Last week, the Senate passed the bill by a very narrow margin. Several senators said they voted for the bill only to keep it moving forward in the legislative process. They hoped the House would toughen exceptions that would continue to allow abortion.
Arguably, however, the House expanded the exceptions, albeit gradually. The Senate had written an exception for abortion in cases where the pregnant person’s life was in danger. The House amended that to include “permanent impairment” to physical health, as well as the life of the pregnant person. The House also removed language supported by senators to require rape and incest victims to obtain a notarized affidavit stating the reason for their abortion.
The Senate would have given girls 15 and under 12 weeks to obtain an abortion, while allowing only eight weeks for women and girls who are at least 16 years old. The House version allows 10 weeks for all victims of rape and incest.
On Friday night, Sen. Sue Glick, R-LaGrange, said she agreed with those changes and urged her colleagues in the chamber to go along with the House version.

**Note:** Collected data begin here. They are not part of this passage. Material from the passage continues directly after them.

lemma card_PG_line_cross3_inter_herm_unital:
  fixes a b :: "'a vec3"
  assumes "herm q a a = 0" "herm q b b = 0" "cross3 a b \<noteq> 0"
  shows "card (PG_line (cross3 a b) \<inter> herm_unital q) = q + 1"
proof -
  define h where "h = herm q a b"
  define T where "T = {t. t * h + (t * h) ^ q = 0}"
  define g where "g = (\<lambda>t. pp (b + scale3 t a))"
  have "h \<noteq> 0"
    using herm_ne_0[OF assms] by (simp add: h_def)
  have "T = (\<lambda>s. s / h) ` {s. s + s ^ q = 0}"
    using \<open>h \<noteq> 0\<close> by (auto simp: T_def image_iff intro!: exI[of _ "_ * h"])
  moreover have "inj_on (\<lambda>s. s / h) {s. s + s ^ q = 0}"
    using \<open>h \<noteq> 0\<close> by (auto simp: inj_on_def)
  ultimately have card_T: "card T = q"
    using card_trace_fibre[of 0] q_ge_2 by (simp add: card_image subfield_def zero_power)
  have "g t \<in> herm_unital q \<longleftrightarrow> t \<in> T" for t
    unfolding g_def pp_mem_herm_unital_iff herm_line[OF assms(1,2)]
    using add_scale3_ne_0[OF assms(3)] by (simp add: T_def h_def)
  moreover have "pp a \<in> herm_unital q"
    using assms by (auto simp: pp_mem_herm_unital_iff)
  ultimately have "PG_line (cross3 a b) \<inter> herm_unital q = insert (pp a) (g ` T)"
    unfolding PG_line_cross3_eq[OF assms(3)] by (auto simp: g_def)
  moreover have "pp a \<notin> g ` T" "inj_on g T"
    using pp_notin_range_pp_add_scale3[OF assms(3)] inj_pp_add_scale3[OF assms(3)]
    by (auto simp: g_def inj_on_def inj_def)
  ultimately show ?thesis
    using card_T by (simp add: card_image)
qed

lemma exists_secant_through:
  assumes "P \<in> herm_unital q" "Q \<in> (herm_unital q :: 'a vec3 set set)" "P \<noteq> Q"
  obtains L where "L \<in> secants q" "P \<in> L" "Q \<in> L"
proof -
  obtain a b where ab: "P = pp a" "Q = pp b" "a \<noteq> 0" "b \<noteq> 0" "herm q a a = 0" "herm q b b = 0"
    using assms(1,2) unfolding herm_unital_eq by blast
  with assms(3) have "cross3 a b \<noteq> 0"
    using pp_eq_iff_cross3_eq_0 by blast
  then show ?thesis
    using that[of "PG_line (cross3 a b)"] ab card_PG_line_cross3_inter_herm_unital
    by (simp add: secants_def)
qed

section \<open>Counting points of the unital and secants through them\<close>

lemma subfield_diff: "x \<in> subfield \<Longrightarrow> y \<in> subfield \<Longrightarrow> x - y \<in> subfield"
  by (simp add: subfield_def frobenius_diff)

lemma card_norm_sum_eq:
  assumes "c \<in> subfield"
  shows "card {(y, z). y ^ (q + 1) + z ^ (q + 1) = c} =
    (if c = 0 then q ^ 3 + q ^ 2 - q else q ^ 3 - q)"
proof -
  define A where "A = {y :: 'a. y ^ (q + 1) = c}"
  have "{(y, z). y ^ (q + 1) + z ^ (q + 1) = c} = (SIGMA y:UNIV. {z. z ^ (q + 1) = c - y ^ (q + 1)})"
    by (auto simp: algebra_simps)
  then have "card {(y, z). y ^ (q + 1) + z ^ (q + 1) = c} =
      (\<Sum>y\<in>UNIV. card {z. z ^ (q + 1) = c - y ^ (q + 1)})"
    by (simp add: card_SigmaI)
  also have "\<dots> = (\<Sum>y\<in>UNIV. if y \<in> A then 1 else q + 1)"
  proof (rule sum.cong)
    fix y :: 'a
    have "c - y ^ (q + 1) \<in> subfield"
      using assms norm_in_subfield by (rule subfield_diff)
    from card_norm_fibre[OF this] show "card {z. z ^ (q + 1) = c - y ^ (q + 1)} = (if y \<in> A then 1 else q + 1)"
      by (simp add: A_def eq_commute[of c])
  qed simp
  also have "\<dots> = card A + (q ^ 2 - card A) * (q + 1)"
    by (simp add: sum.If_cases Compl_eq_Diff_UNIV card_Diff_subset card_field flip: Diff_eq)
  also have "card A = (if c = 0 then 1 else q + 1)"
    using card_norm_fibre[OF assms] by (simp add: A_def)
  moreover have "1 + (q ^ 2 - 1) * (q + 1) = q ^ 3 + q ^ 2 - q"
    using q_ge_2 by (induction q rule: dec_induct) (auto simp: algebra_simps power2_eq_square power3_eq_cube)
  moreover have "q + 1 + (q ^ 2 - (q + 1)) * (q + 1) = q ^ 3 - q"
    using q_ge_2 by (induction q rule: dec_induct) (auto simp: algebra_simps power2_eq_square power3_eq_cube)
  ultimately show ?thesis
    by simp
qed

lemma card_isotropic: "card {v :: 'a vec3. herm q v v = 0} = (q ^ 3 + 1) * (q ^ 2 - 1) + 1"
proof -
  have "{v :: 'a vec3. herm q v v = 0} = Sigma UNIV (\<lambda>x. {(y, z). y ^ (q + 1) + z ^ (q + 1) = - (x ^ (q + 1))})"
    by (auto simp: add_eq_0_iff2 add.assoc)
  then have "card {v :: 'a vec3. herm q v v = 0} =
      (\<Sum>x \<in> (UNIV :: 'a set). card {(y, z). y ^ (q + 1) + z ^ (q + 1) = - (x ^ (q + 1))})"
    by (simp add: card_SigmaI)
  also have "\<dots> = (\<Sum>x \<in> (UNIV :: 'a set). if x = 0 then q ^ 3 + q ^ 2 - q else q ^ 3 - q)"
  proof (rule sum.cong)
    fix x :: 'a
    have "- (x ^ (q + 1)) \<in> subfield"
      using subfield_diff[OF _ norm_in_subfield, of 0] q_ge_2 by (simp add: subfield_def zero_power)
    from card_norm_sum_eq[OF this]
    show "card {(y, z). y ^ (q + 1) + z ^ (q + 1) = - (x ^ (q + 1))} = (if x = 0 then q ^ 3 + q ^ 2 - q else q ^ 3 - q)"
      by simp
  qed simp
  also have "\<dots> = (q ^ 3 + q ^ 2 - q) + (q ^ 2 - 1) * (q ^ 3 - q)"
    by (simp add: sum.If_cases Compl_eq_Diff_UNIV card_Diff_singleton card_field flip: Diff_eq)
  also have "\<dots> = (q ^ 3 + 1) * (q ^ 2 - 1) + 1"
    using q_ge_2 by (induction q rule: dec_induct) (auto simp: algebra_simps power2_eq_square power3_eq_cube)
  finally show ?thesis .
qed

lemma card_herm_unital: "card (herm_unital q :: 'a vec3 set set) = q ^ 3 + 1"
proof -
  define I where "I = {v :: 'a vec3. v \<noteq> 0 \<and> herm q v v = 0}"
  have "card I = card (\<Union>(herm_unital q :: 'a vec3 set set))"
    by (simp add: I_def Union_herm_unital)
  also have "\<dots> = (\<Sum>X \<in> (herm_unital q :: 'a vec3 set set). card X)"
    by (rule card_Union_disjoint[OF pairwise_disjnt_herm_unital]) simp
  also have "\<dots> = (\<Sum>X \<in> (herm_unital q :: 'a vec3 set set). q ^ 2 - 1)"
    by (intro sum.cong) (auto simp: herm_unital_eq card_pp card_field)
  finally have "card I = card (herm_unital q :: 'a vec3 set set) * (q ^ 2 - 1)"
    by simp
  moreover have "{v :: 'a vec3. herm q v v = 0} = insert 0 I"
    by (auto simp: I_def zero_prod_def)
  then have "card I = (q ^ 3 + 1) * (q ^ 2 - 1)"
    using card_isotropic by (simp add: I_def)
  moreover have "q ^ 2 - 1 \<noteq> 0"
    using one_less_power[of q 2] q_ge_2 by simp
  ultimately show ?thesis
    by (metis mult_right_cancel)
qed

lemma card_C_pt:
  assumes p: "p \<in> (herm_unital q :: 'a vec3 set set)"
  shows "card (C_pt q p) = q ^ 2"
proof -
  define A where "A m = m \<inter> herm_unital q - {p}" for m :: "'a vec3 set set"
  have "herm_unital q - {p} = (\<Union>m\<in>C_pt q p. A m)"
  proof (intro equalityI subsetI)
    fix r assume "r \<in> herm_unital q - {p}"
    then obtain L where "L \<in> secants q" "p \<in> L" "r \<in> L"
      using exists_secant_through[OF p, of r] by auto
    with \<open>r \<in> herm_unital q - {p}\<close> show "r \<in> (\<Union>m\<in>C_pt q p. A m)"
      by (auto simp: A_def C_pt_def)
  qed (auto simp: A_def)
  moreover have "card (\<Union>m\<in>C_pt q p. A m) = (\<Sum>m\<in>C_pt q p. card (A m))"
  proof (rule card_UN_disjoint)
    show "\<forall>m\<in>C_pt q p. \<forall>m'\<in>C_pt q p. m \<noteq> m' \<longrightarrow> A m \<inter> A m' = {}"
      using PG_lines_inter_eq_singleton secants_subset_PG_lines
      by (fastforce simp: A_def C_pt_def)
  qed simp_all
  moreover have "card (A m) = q" if "m \<in> C_pt q p" for m
    using that p by (simp add: A_def C_pt_def secants_def card_Diff_singleton)
  ultimately have "card (herm_unital q - {p}) = card (C_pt q p) * q"
    by simp
  moreover have "card (herm_unital q - {p}) = q ^ 3"
    using p card_herm_unital by (simp add: card_Diff_singleton)
  ultimately show ?thesis
    using q_ge_2 by (simp add: power2_eq_square power3_eq_cube)
qed

end

section \<open>The cliques in the neighbourhood of a secant\<close>

definition nbhd_clique :: "nat \<Rightarrow> 'a::field vec3 set set \<Rightarrow> 'a vec3 set \<Rightarrow> 'a vec3 set set set" where
  "nbhd_clique q l p = (if p \<in> l then C_pt q p - {l} else C_pt q p \<inter> nbhd q l)"

lemma H_adj_iff:
  "H_adj q a b \<longleftrightarrow> a \<in> secants q \<and> b \<in> secants q \<and> a \<noteq> b \<and> (\<exists>p\<in>herm_unital q. p \<in> a \<and> p \<in> b)"
proof
  assume "H_adj q a b"
  then show "a \<in> secants q \<and> b \<in> secants q \<and> a \<noteq> b \<and> (\<exists>p\<in>herm_unital q. p \<in> a \<and> p \<in> b)"
    unfolding H_adj_def by blast
next
  assume adj: "a \<in> secants q \<and> b \<in> secants q \<and> a \<noteq> b \<and> (\<exists>p\<in>herm_unital q. p \<in> a \<and> p \<in> b)"
  then obtain p where "p \<in> herm_unital q" "p \<in> a" "p \<in> b"
    by blast
  moreover from this adj have "a \<inter> b = {p}"
    using PG_lines_inter_eq_singleton secants_subset_PG_lines by blast
  ultimately show "H_adj q a b"
    unfolding H_adj_def using adj by blast
qed

lemma mem_nbhd_iff:
  assumes "l \<in> secants q"
  shows "m \<in> nbhd q l \<longleftrightarrow> m \<in> secants q \<and> m \<noteq> l \<and> (\<exists>r\<in>l \<inter> herm_unital q. r \<in> m)"
  unfolding nbhd_def mem_Collect_eq H_adj_iff using assms by blast

lemma is_clique_C_pt: "p \<in> herm_unital q \<Longrightarrow> is_clique q (C_pt q p)"
  unfolding is_clique_def H_adj_iff C_pt_def by blast

lemma is_clique_subset: "is_clique q K \<Longrightarrow> K' \<subseteq> K \<Longrightarrow> is_clique q K'"
  by (auto simp: is_clique_def)

lemma C_pt_two_lines_eq:
  assumes "a \<in> C_pt q p \<inter> C_pt q p'" "b \<in> C_pt q p \<inter> C_pt q p'" "a \<noteq> b"
  shows "p = p'"
  using assms PG_lines_eq_if_two_points[of a b p p'] secants_subset_PG_lines
  unfolding C_pt_def by blast

lemma clique_edges_common_pair:
  assumes "e \<in> clique_edges A" "e \<in> clique_edges B"
  obtains a b where "a \<noteq> b" "a \<in> A \<inter> B" "b \<in> A \<inter> B"
  using assms by (auto simp: clique_edges_def doubleton_eq_iff)

lemma nbhd_clique_subset_C_pt: "nbhd_clique q l p \<subseteq> C_pt q p"
  by (auto simp: nbhd_clique_def)

lemma mem_nbhd_clique_iff:
  assumes "l \<in> secants q" "p \<in> herm_unital q"
  shows "m \<in> nbhd_clique q l p \<longleftrightarrow> m \<in> nbhd q l \<and> p \<in> m"
  using assms(2) by (auto simp: nbhd_clique_def C_pt_def mem_nbhd_iff[OF assms(1)])

lemma nbhd_clique_subset_nbhd:
  assumes "l \<in> secants q" "p \<in> herm_unital q"
  shows "nbhd_clique q l p \<subseteq> nbhd q l"
  using mem_nbhd_clique_iff[OF assms] by blast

Sen. Michael Young, R-Indianapolis, who voted no on the Senate version of the bill because he didn’t think it was strong enough, said the bill returned by the House was worse. He urged his colleagues to vote against the concurrence and continue working on the bill.
Sen. Mike Bohacek, R-Michiana Shores, was one of several senators who changed their vote from last week to this one. When he voted for the bill the first time the Senate considered it, he said he did it to keep it moving, but he was concerned about the impact on people with developmental delays, like his daughter from 21 years.
“If she lost her favorite stuffed animal, she would be heartbroken,” she said on the Senate floor Friday night, through tears. “Imagine making her carry a child.”
Bohacek voted against SB 1.
Several lawmakers voted for the bill despite saying it wasn’t perfect. Sen. Liz Brown, R-Fort Wayne, said she knew some would be disappointed that the bill doesn’t prevent all abortions. Still, Brown said it was a good place to start.
“I know what we’re doing today is just the beginning,” Brown said. “Our actions today will save many lives.”